ExpressJS How to structure an application?

I'm using the ExpressJS web framework for NodeJS.

People using ExpressJS put their environments (development, production, test...), their routes etc on the app.js. I think that it's not a beautiful way because when you have a big application, app.js is too big!

I would like to have this directory structure:

| my-application
| -- app.js
| -- config/
     | -- environment.js
     | -- routes.js

Here's my code:

app.js

var express = require('express');
var app = module.exports = express.createServer();

require('./config/environment.js')(app, express);
require('./config/routes.js')(app);

app.listen(3000);

config/environment.js

module.exports = function(app, express){
    app.configure(function() {
    app.use(express.logger());
    });

    app.configure('development', function() {
    app.use(express.errorHandler({
        dumpExceptions: true,
        showStack: true
    }));
    });

    app.configure('production', function() {
    app.use(express.errorHandler());
    });
};

config/routes.js

module.exports = function(app) {
    app.get('/', function(req, res) {
    res.send('Hello world !');
    });
};

My code works well and I think that the structure of the directories is beautiful.
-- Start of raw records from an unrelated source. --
lemma chebyshev_U_cos_diff2: "chebyshev_U (Suc (Suc i)) (cos t) - chebyshev_U i (cos t) = 2 * cos ((real i + 2) * t)"
proof -
  have "cis t * cis (- t) = 1"
    by (simp add: cis_mult)
  then have "complex_of_real (chebyshev_U (Suc (Suc i)) (cos t) - chebyshev_U i (cos t))
      = cis t ^ Suc (Suc i) + cis (- t) ^ Suc (Suc i)"
    by (simp only: of_real_diff chebyshev_U_cos_eq_hsym2 hsym2_Suc_Suc) simp
  also have "\<dots> = cis ((real i + 2) * t) + cis (- ((real i + 2) * t))"
    unfolding Complex.DeMoivre by (simp add: algebra_simps)
  finally show ?thesis
    by (simp add: complex_eq_iff)
qed

fun chebyshev_U_poly :: "nat \<Rightarrow> real poly" where
  "chebyshev_U_poly 0 = 1"
| "chebyshev_U_poly (Suc 0) = [:0, 2:]"
| "chebyshev_U_poly (Suc (Suc i)) = [:0, 2:] * chebyshev_U_poly (Suc i) - chebyshev_U_poly i"

lemma poly_chebyshev_U_poly [simp]: "poly (chebyshev_U_poly i) x = chebyshev_U i x"
  by (induction i rule: chebyshev_U_poly.induct) simp_all

lemma degree_chebyshev_U_poly: "degree (chebyshev_U_poly i) \<le> i"
proof (induction i rule: chebyshev_U_poly.induct)
  case (3 i)
  have "degree ([:0, 2:] * chebyshev_U_poly (Suc i)) \<le> Suc (Suc i)"
    using degree_mult_le[of "[:0, 2:]" "chebyshev_U_poly (Suc i)"] 3(1) by simp
  then show ?case
    using degree_diff_le_max[of "[:0, 2:] * chebyshev_U_poly (Suc i)" "chebyshev_U_poly i"] 3(2) by simp
qed simp_all

lemma lead_coeff_chebyshev_U_poly: "coeff (chebyshev_U_poly i) i = 2 ^ i"
proof (induction i rule: chebyshev_U_poly.induct)
  case (3 i)
  have "coeff (chebyshev_U_poly i) (Suc (Suc i)) = 0"
    using degree_chebyshev_U_poly[of i] by (intro coeff_eq_0) simp
  then show ?case
    using 3(1) by (simp add: mult_pCons_left)
qed simp_all

lemma chebyshev_U_eq_sum_coeff:
  assumes "i \<le> d"
  shows "chebyshev_U i x = (\<Sum>p\<le>d. coeff (chebyshev_U_poly i) p * x ^ p)"
  using degree_chebyshev_U_poly[of i] assms
  by (simp add: poly_altdef flip: poly_chebyshev_U_poly)
     (intro sum.mono_neutral_left, auto simp: coeff_eq_0)

lemma poly_eq_sum_chebyshev_U:
  assumes "degree P \<le> d"
  shows "\<exists>\<beta>. \<forall>x. poly P x = (\<Sum>i\<le>d. \<beta> i * chebyshev_U i x)"
  using assms
proof (induction d arbitrary: P)
  case 0
  then show ?case
    by (intro exI[of _ "\<lambda>i. coeff P 0"]) (simp add: poly_altdef)
next
  case (Suc d)
  define c where "c = coeff P (Suc d) / 2 ^ Suc d"
  define Q where "Q = P - smult c (chebyshev_U_poly (Suc d))"
  have "degree Q \<le> d"
  proof (rule degree_le, intro allI impI)
    fix j assume "d < j"
    show "coeff Q j = 0"
    proof (cases "j = Suc d")
      case True
      then show ?thesis by (simp add: Q_def c_def lead_coeff_chebyshev_U_poly)
    next
      case False
      then have "coeff P j = 0" "coeff (chebyshev_U_poly (Suc d)) j = 0"
        using \<open>d < j\<close> Suc.prems degree_chebyshev_U_poly[of "Suc d"] by (auto intro: coeff_eq_0)
      then show ?thesis by (simp add: Q_def)
    qed
  qed
  then obtain \<beta> where \<beta>: "\<forall>x. poly Q x = (\<Sum>i\<le>d. \<beta> i * chebyshev_U i x)"
    using Suc.IH by blast
  have "poly P x = (\<Sum>i\<le>Suc d. (\<beta>(Suc d := c)) i * chebyshev_U i x)" for x
    using \<beta>[rule_format, of x] by (simp add: Q_def diff_eq_eq)
  then show ?case
    by blast
qed

lemma power_eq_sum_chebyshev_U: "\<exists>\<beta>. \<forall>x. x ^ p = (\<Sum>i\<le>p. \<beta> i * chebyshev_U i x)"
  using poly_eq_sum_chebyshev_U[of "monom 1 p" p] by (simp add: degree_monom_le poly_monom)

section \<open>A localized bound for Chebyshev exponential sums\<close>

definition bump :: "nat \<Rightarrow> real \<Rightarrow> real" where
  "bump n w = 1 / (1 + real n ^ 2 * sin (w / 2) ^ 2)"

definition bump_sum :: "nat \<Rightarrow> real \<Rightarrow> real \<Rightarrow> real \<Rightarrow> real" where
  "bump_sum n \<theta> \<phi> \<psi> = bump n (\<psi> + \<theta> - \<phi>) + bump n (\<psi> + \<theta> + \<phi>) + bump n (\<psi> - \<theta> - \<phi>) + bump n (\<psi> - \<theta> + \<phi>)"

lemma bump_pos: "bump n w > 0"
  unfolding bump_def by (intro divide_pos_pos add_pos_nonneg) auto

lemma bump_uminus: "bump n (- w) = bump n w"
  by (simp add: bump_def)

lemma norm_cis_diff: "norm (cis a - cis b) = 2 * \<bar>sin ((a - b) / 2)\<bar>"
proof -
  have "cis a - cis b = cis ((a + b) / 2) * (cis ((a - b) / 2) - cis (- ((a - b) / 2)))"
    by (simp add: right_diff_distrib cis_mult field_simps)
  also have "\<dots> = cis ((a + b) / 2) * (\<i> * complex_of_real (2 * sin ((a - b) / 2)))"
    by (simp only: cis_diff_cis_neg)
  finally show ?thesis
    by (simp add: norm_mult)
qed

definition chebyshev_exp_sum :: "real \<Rightarrow> real \<Rightarrow> real \<Rightarrow> nat \<Rightarrow> complex" where
  "chebyshev_exp_sum \<theta> \<phi> \<psi> r =
     (\<Sum>i\<le>r. complex_of_real (chebyshev_U i (cos \<theta>) * chebyshev_U (r - i) (cos \<phi>)) * cis (real i * \<psi>))"

lemma chebyshev_exp_sum_eq_hsym4:
  "chebyshev_exp_sum \<theta> \<phi> \<psi> r = hsym4 (cis \<phi>) (cis (- \<phi>)) (cis (\<psi> + \<theta>)) (cis (\<psi> - \<theta>)) r"
proof -
  have "hsym2 (cis (\<psi> + \<theta>)) (cis (\<psi> - \<theta>)) i = cis (real i * \<psi>) * complex_of_real (chebyshev_U i (cos \<theta>))" for i
  proof -
    have "hsym2 (cis (\<psi> + \<theta>)) (cis (\<psi> - \<theta>)) i = hsym2 (cis \<psi> * cis \<theta>) (cis \<psi> * cis (- \<theta>)) i"
      by (simp add: cis_mult)
    also have "\<dots> = cis (real i * \<psi>) * complex_of_real (chebyshev_U i (cos \<theta>))"
      by (simp add: hsym2_mult Complex.DeMoivre chebyshev_U_cos_eq_hsym2)
    finally show ?thesis .
  qed
  then show ?thesis
    unfolding chebyshev_exp_sum_def hsym4_eq_sum
    by (auto simp: chebyshev_U_cos_eq_hsym2 intro!: sum.cong)
qed

lemma norm_chebyshev_exp_sum_le:
  assumes "n \<ge> 1" "r \<le> n"
  shows "norm (chebyshev_exp_sum \<theta> \<phi> \<psi> r) \<le> 16 * real n ^ 3 * bump_sum n \<theta> \<phi> \<psi>"
proof -
  define w where "w = [\<psi> + \<theta> - \<phi>, \<psi> + \<theta> + \<phi>, \<psi> - \<theta> - \<phi>, \<psi> - \<theta> + \<phi>]"
  \<comment> \<open>The numbers \<open>2 * \<bar>sin (x / 2)\<bar>\<close>, \<open>x \<in> set w\<close>, are the distances from \<open>cis (\<plusminus>\<phi>)\<close> to \<open>cis (\<psi> \<plusminus> \<theta>)\<close>.\<close>
  define D where "D = Min ((\<lambda>x. 2 * \<bar>sin (x / 2)\<bar>) ` set w)"
  have D_le: "D \<le> 2 * \<bar>sin (x / 2)\<bar>" if "x \<in> set w" for x
    unfolding D_def using that by (intro Min_le) auto
  have "D \<in> (\<lambda>x. 2 * \<bar>sin (x / 2)\<bar>) ` set w"
    unfolding D_def by (intro Min_in) (auto simp: w_def)
  then obtain x where x: "x \<in> set w" "D = 2 * \<bar>sin (x / 2)\<bar>"
    by blast
  have dist: "norm (cis a - cis b) = 2 * \<bar>sin ((b - a) / 2)\<bar>" for a b
    using norm_cis_diff[of b a] by (simp add: norm_minus_commute)
  have "norm (hsym4 (cis \<phi>) (cis (- \<phi>)) (cis (\<psi> + \<theta>)) (cis (\<psi> - \<theta>)) r)
      \<le> 16 * real n ^ 3 / (1 + real n ^ 2 * D ^ 2 / 4)"
    using D_le x by (intro norm_hsym4_le_localized assms) (auto simp: w_def dist)
  also have "\<dots> = 16 * real n ^ 3 * bump n x"
    by (simp add: x(2) bump_def power_mult_distrib)
  also have "\<dots> \<le> 16 * real n ^ 3 * bump_sum n \<theta> \<phi> \<psi>"
  proof (rule mult_left_mono)
    show "bump n x \<le> bump_sum n \<theta> \<phi> \<psi>"
      using x(1) bump_pos[of n "\<psi> + \<theta> - \<phi>"] bump_pos[of n "\<psi> + \<theta> + \<phi>"]
        bump_pos[of n "\<psi> - \<theta> - \<phi>"] bump_pos[of n "\<psi> - \<theta> + \<phi>"]
      unfolding w_def bump_sum_def by auto
  qed simp
  finally show ?thesis
    by (simp add: chebyshev_exp_sum_eq_hsym4)
qed

section \<open>Summation by parts\<close>

definition back_diff2 :: "(nat \<Rightarrow> real) \<Rightarrow> nat \<Rightarrow> real" where
  "back_diff2 f i = f i - (if i < 2 then 0 else f (i - 2))"

lemma sum_mult_diff2_by_parts:
  "(\<Sum>i\<le>r. f i * (c i - c (i + 2)))
     = (\<Sum>i\<le>r. back_diff2 f i * c i) - (if r = 0 then 0 else f (r - 1)) * c (r + 1) - f r * c (r + 2)"
proof (induction r)
  case 0
  then show ?case by (simp add: back_diff2_def algebra_simps)
next
  case (Suc r)
  then show ?case by (cases r) (simp_all add: back_diff2_def algebra_simps)
qed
However, the code had to be adapted and I'm not sure that it's good/beautiful.

Is it better to use my structure of directories and adapt the code or simply use one file (app.js)?

Thanks for your advices!


Solution 1:

OK, it's been a while and this is a popular question, so I've gone ahead and created a scaffolding github repository with JavaScript code and a long README about how I like to structure a medium-sized express.js application.

focusaurus/express_code_structure is the repo with the latest code for this. Pull requests welcome.
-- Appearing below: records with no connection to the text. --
(* Let $w\in\mathcal S_n$. For $a\in\mathrm R(w)$ put $t(a)=|\mathrm{sup}(a)|$ (which depends only on $[a]$). Define a relation on the commutation classes of $\mathrm R(w)$ as the transitive closure of the covering relations $[a]<[b]$ whenever $[a]$ and $[b]$ are adjacent in $C(w)$ and $t(b)=t(a)+1$. This is a partial order making the vertex set of $C(w)$ a ranked poset with rank function $t$, with a unique minimal element $[a_{\min}]$ and a unique maximal element $[a_{\max}]$.
   Context: Permutations are in one-line notation; $\mathrm{Des}(u)=\{i:u_i>u_{i+1}\}$. A word $a=a_1\cdots a_\ell$ with letters in $\{1,\dots,n-1\}$ acts on a word of length $n$ by successively swapping the entries in positions $a_j$ and $a_j+1$. $\mathrm R(w)$: reduced words of $w$ (length $\ell(w)$ = number of inversions, action on $12\cdots n$ yields $w$). Commutation: replace a factor $ij$, $|i-j|\ge2$, by $ji$; long braid relation: replace $i(i+1)i$ by $(i+1)i(i+1)$ or vice versa; $[a]$ is the commutation class of $a$. $C(w)$: vertices are commutation classes, $[a]\ne[b]$ adjacent if some $a'\in[a]$, $b'\in[b]$ differ by one long braid relation. $a_{\min}$ (resp. $a_{\max}$): set $w^0=w$, for $j=0,\dots,\ell(w)-1$ let $i_j$ be the smallest (resp. largest) element of $\mathrm{Des}(w^j)$ and obtain $w^{j+1}$ by swapping entries in positions $i_j,i_j+1$; the word is $i_{\ell(w)-1}\cdots i_0$. For an inversion $(p,q)$ of $w$, $P_a(p,q)$ is the index of the step of $a$ swapping $p$ and $q$. $\mathrm T_w$: triples $(x,y,z)$, $x<y<z$, with $z,y,x$ in this order in $w$. $\Gamma(a,(x,y,z))=1$ if $P_a(y,x)>P_a(z,y)$, else $0$. $\mathrm{sup}(a)=\{\tau\in\mathrm T_w:\Gamma(a,\tau)=1\}$. *)

theory Defs
  imports Main
begin

(* permutations of {1..n} in one-line notation, as lists *)
definition is_perm :: "nat \<Rightarrow> nat list \<Rightarrow> bool" where
  "is_perm n w \<longleftrightarrow> length w = n \<and> distinct w \<and> set w = {1..n}"

definition id_word :: "nat \<Rightarrow> nat list" where
  "id_word n = [1..<n+1]"

(* swap the entries in (1-based) positions i and i+1 *)
definition swap_at :: "nat \<Rightarrow> nat list \<Rightarrow> nat list" where
  "swap_at i u = u[i - 1 := u ! i, i := u ! (i - 1)]"

(* action of a word a_1 ... a_l: a_1 is applied first *)
definition act :: "nat list \<Rightarrow> nat list \<Rightarrow> nat list" where
  "act a u = fold swap_at a u"

definition Des :: "nat list \<Rightarrow> nat set" where
  "Des u = {i. 1 \<le> i \<and> i < length u \<and> u ! (i - 1) > u ! i}"

definition len :: "nat list \<Rightarrow> nat" where
  "len w = card {(i, j). i < j \<and> j < length w \<and> w ! i > w ! j}"

definition reduced_words :: "nat \<Rightarrow> nat list \<Rightarrow> nat list set" where
  "reduced_words n w = {a. set a \<subseteq> {1..n-1} \<and> length a = len w \<and> act a (id_word n) = w}"

definition comm_step :: "nat list \<Rightarrow> nat list \<Rightarrow> bool" where
  "comm_step a b \<longleftrightarrow> (\<exists>xs ys i j. (i \<ge> j + 2 \<or> j \<ge> i + 2) \<and>
      a = xs @ [i, j] @ ys \<and> b = xs @ [j, i] @ ys)"

definition comm_equiv :: "nat list \<Rightarrow> nat list \<Rightarrow> bool" where
  "comm_equiv = comm_step\<^sup>*\<^sup>*"

definition cclass :: "nat list \<Rightarrow> nat list set" where
  "cclass a = {b. comm_equiv a b}"

definition braid_step :: "nat list \<Rightarrow> nat list \<Rightarrow> bool" where
  "braid_step a b \<longleftrightarrow> (\<exists>xs ys i.
      (a = xs @ [i, i+1, i] @ ys \<and> b = xs @ [i+1, i, i+1] @ ys) \<or>
      (a = xs @ [i+1, i, i+1] @ ys \<and> b = xs @ [i, i+1, i] @ ys))"

definition vertices :: "nat \<Rightarrow> nat list \<Rightarrow> nat list set set" where
  "vertices n w = cclass ` reduced_words n w"

definition adjacent :: "nat list set \<Rightarrow> nat list set \<Rightarrow> bool" where
  "adjacent A B \<longleftrightarrow> A \<noteq> B \<and> (\<exists>a\<in>A. \<exists>b\<in>B. braid_step a b)"

definition amin_iter :: "nat list \<Rightarrow> nat \<Rightarrow> nat list" where
  "amin_iter w j = ((\<lambda>u. swap_at (Min (Des u)) u) ^^ j) w"

definition amax_iter :: "nat list \<Rightarrow> nat \<Rightarrow> nat list" where
  "amax_iter w j = ((\<lambda>u. swap_at (Max (Des u)) u) ^^ j) w"

definition a_min :: "nat list \<Rightarrow> nat list" where
  "a_min w = rev (map (\<lambda>j. Min (Des (amin_iter w j))) [0..<len w])"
Here's a snapshot of the README since stackoverflow doesn't like just-a-link answers. I'll make some updates as this is a new project that I'll continue updating, but ultimately the github repo will be the up-to-date place for this information.


Express Code Structure

This project is an example of how to organize a medium-sized express.js web application.

Current to at least express v4.14 December 2016

Build Status

js-standard-style

How big is your application?

Web applications are not all the same, and there's not, in my opinion, a single code structure that should be applied to all express.js applications.

If your application is small, you don't need such a deep directory structure as exemplified here. Just keep it simple and stick a handful of .js files in the root of your repository and you're done. Voilà.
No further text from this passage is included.